Secobarbital sodium is a short-acting barbiturate derivative drug that was patented in 1934 in the United States. It possesses anaesthetic, anticonvulsant, anxiolytic, sedative, and hypnotic properties. In the United Kingdom, it was known as quinalbarbitone. It is the most frequently used drug in physician-assisted suicide within the United States. Secobarbital is considered to be an obsolete sedative-hypnotic, and as a result, it has largely been replaced by the benzodiazepine family. Seconal was widely abused, known on the street as "red devils" or "reds".

Sigmodal (Rectidon) is a barbiturate derivative. It has sedative, hypnotic and anticonvulsant properties, and was used in surgical anaesthesia in the 1950s, and frequently appeared in drug mixtures in the 60's.

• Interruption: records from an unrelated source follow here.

(* Let $\mathcal M=(M,<,\ldots)$ be a definably complete locally o-minimal structure and let $\{X\langle r\rangle\}_{r>0}$ be a definable increasing family of subsets of $M^n$. Then $\dim\left(\bigcup_{r>0}X\langle r\rangle\right)=\sup\{\dim X\langle r\rangle : r>0\}$.
   Context: $\mathcal M$ is an expansion of a dense linear order without endpoints with a distinguished element $0$; definable = with parameters. Definably complete: every definable subset of $M$ has sup and inf in $M\cup\{\pm\infty\}$. Locally o-minimal: for every definable $X\subseteq M$ and $a\in M$ there is an open interval $I\ni a$ with $X\cap I$ a finite union of points and open intervals. A definable increasing family $\{X\langle r\rangle\}_{r>0}$ is a family of fibers $X\langle r\rangle=\{x:(r,x)\in\mathcal X\}$ of a definable set $\mathcal X\subseteq M^{1+n}$ with $X\langle r\rangle\subseteq X\langle r'\rangle$ whenever $0<r<r'$. The dimension of a nonempty definable $X\subseteq M^n$ is the maximal $d$ such that $\pi(X)$ has nonempty interior for some coordinate projection $\pi:M^n\to M^d$ ($M^0$ a point); $\dim\emptyset=-\infty$. *)

theory Defs
  imports "HOL-Library.Extended_Real"
begin
(* Fix weights $w_1,\dots,w_D>0$ and let $\mu_{n,N,w}$ be the Boltzmann probability measure on perfect matchings $\tau$ of the $N$-fold blow-up $\mathbb T(n,\Lambda)_N$, with $\mu_{n,N,w}(\tau)\propto\prod_{e\in\tau}w(e)$, where every lift of an edge of type $e_i$ has weight $w_i$. Let $H(\mu_{n,N,w})=-\sum_\tau\mu_{n,N,w}(\tau)\log\mu_{n,N,w}(\tau)$ be its Shannon entropy. Then $$\lim_{n\to\infty}\lim_{N\to\infty}\frac{1}{Nn^d}\Big[H(\mu_{n,N,w})-n^d\log N!\Big]=\log(w_1+\dots+w_D)-\frac{1}{w_1+\dots+w_D}\sum_{i=1}^D w_i\log w_i .$$
   Context: $\Lambda$ is a bipartite graph embedded in $\mathbb R^d$ of the following form (or a linear image of one): there are vectors $e_1,\dots,e_D\in\mathbb R^d$ spanning $\mathbb R^d$ with $\sum_{i=1}^D e_i=0$ and a vector $v_0$ with $e_i\in v_0+\mathbb Z^d$ for all $i$; the white vertices are $W=\mathbb Z^d$, the black vertices are $B=\mathbb Z^d+v_0$, and each white vertex $w$ is joined by an edge exactly to the black vertices $w+e_1,\dots,w+e_D$; $\Lambda$ is connected. An edge from $w$ to $w+e_i$ is said to be of type $e_i$. The torus $\mathbb T(n,\Lambda)=\Lambda/n\mathbb Z^d$ has $n^d$ white and $n^d$ black vertices. The $N$-fold blow-up $G_N$ of a graph $G$ replaces every vertex by $N$ copies (lifts) and every edge $(u,v)$ by the complete bipartite graph between the lifts of $u$ and the lifts of $v$. *)

theory Defs
  imports "HOL-Analysis.Analysis"
begin

definition int_point :: "real^'d \<Rightarrow> bool" where
  "int_point x \<longleftrightarrow> (\<forall>j. x $ j \<in> \<int>)"

text \<open>Vertices of Lambda are tagged points: (False, x) is the white vertex x \<in> Z^d,
  (True, y) is the black vertex y \<in> Z^d + v0.\<close>
definition Lambda_vertex :: "real^'d \<Rightarrow> bool \<times> (real^'d) \<Rightarrow> bool" where
  "Lambda_vertex v0 u \<longleftrightarrow>
     (if fst u then int_point (snd u - v0) else int_point (snd u))"
(* In the hexagonal three-direction setting with the random model described in the context, let $k\ge0$, let $R_b=\{r\in R: X_r=0\}$ be the set of rays with nonzero measurement, and let $C_b=\mathcal N(R_b)\setminus\mathcal N(R\setminus R_b)$ (equivalently, the set of cells none of whose three rays is a zero measurement). Then the expected number $N_C^0(k):=|C|-\mathbb{E}[|C_b|]$ of cells recognized as empty satisfies \[ N_C^0(k)=3N_C^1-3N_C^2+N_C^3, \] where \[ N_C^1=\sum_{r\in R_i}|r|\Big(1-\frac{|r|}{|C|}\Big)^k\quad\text{for any } i\in\{1,2,3\}, \] \[ N_C^2=\sum_{r_i\in R_i}\ \sum_{r_j\in R_j(r_i)}\Big(1-\frac{|r_i|+|r_j|-1}{|C|}\Big)^k\quad\text{for any } i\neq j\in\{1,2,3\}, \] \[ N_C^3=\sum_{c\in C}\Big(1-\frac{|r_1(c)|+|r_2(c)|+|r_3(c)|-2}{|C|}\Big)^k, \] and $R_j(r_i)$ denotes the set of rays in $R_j$ intersecting the ray $r_i$ (these quantities do not depend on the choice of $i$, resp. of $i\ne j$).
   Context: Hexagonal setting. Let $d\ge 3$ be an odd integer. The set of cells is $C=\{(i_1,i_2)\in\mathbb{Z}^2 : |i_1|\le (d-1)/2,\ |i_2|\le (d-1)/2,\ |i_1+i_2|\le (d-1)/2\}$ (the cell centers are $i_1 d^1+i_2 d^2$ with $d^1=\tfrac12(\sqrt3,1)$, $d^2=(0,1)$, forming a hexagon), so $|C|=(3d^2+1)/4$. There are three directions of projection rays: $R_1$ consists of the $d$ rays $\{(i_1,i_2)\in C: i_1=a\}$, $R_2$ of the $d$ rays $\{(i_1,i_2)\in C: i_2=a\}$, and $R_3$ of the $d$ rays $\{(i_1,i_2)\in C: i_1+i_2=a\}$, for $a\in\{-(d-1)/2,\dots,(d-1)/2\}$; a ray is identified with the set of cells it meets, $|r|$ denotes its number of cells, and $R=R_1\cup R_2\cup R_3$, $|R|=3d$. Each cell $c$ lies on exactly one ray $r_i(c)\in R_i$ for each $i=1,2,3$. Random model: $k$ cells are drawn independently and uniformly from $C$ (with replacement; a cell may be drawn several times). For $r\in R$, $X_r\in\{0,1\}$ equals $1$ (a "zero measurement") iff none of the drawn cells lies on $r$. For a set $S$ of rays, $\mathcal N(S)$ is the set of cells lying on at least one ray of $S$. *)

theory Defs
  imports "HOL-Probability.Probability"
begin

Spirobarbital is a barbiturate derivative developed by Eli Lilly in the 1940s. It has hypnotic and sedative effects, and has a moderate potential for abuse.

Talbutal (Lotusate) is a barbiturate with a short to intermediate duration of action. It is a structural isomer of butalbital. Talbutal is a schedule III drug in the U.S.

Tetrabarbital is a barbiturate derivative used as a hypnotic.

Tuinal was the brand name of a discontinued combination drug composed of two barbiturate salts in equal proportions.

Vinylbital, also known as butylvinal, is a sedative hypnotic drug which is a barbiturate derivative. It was developed by Aktieboleget Pharmacia in the 1950s.

Zoliflodacin is an experimental antibiotic that is being studied for the treatment of infection with Neisseria gonorrhoeae (gonorrhea). It has a novel mechanism of action which involves inhibition of bacterial type II topoisomerases. It is being developed by Entasis Therapeutics and is in Phase III clinical trials.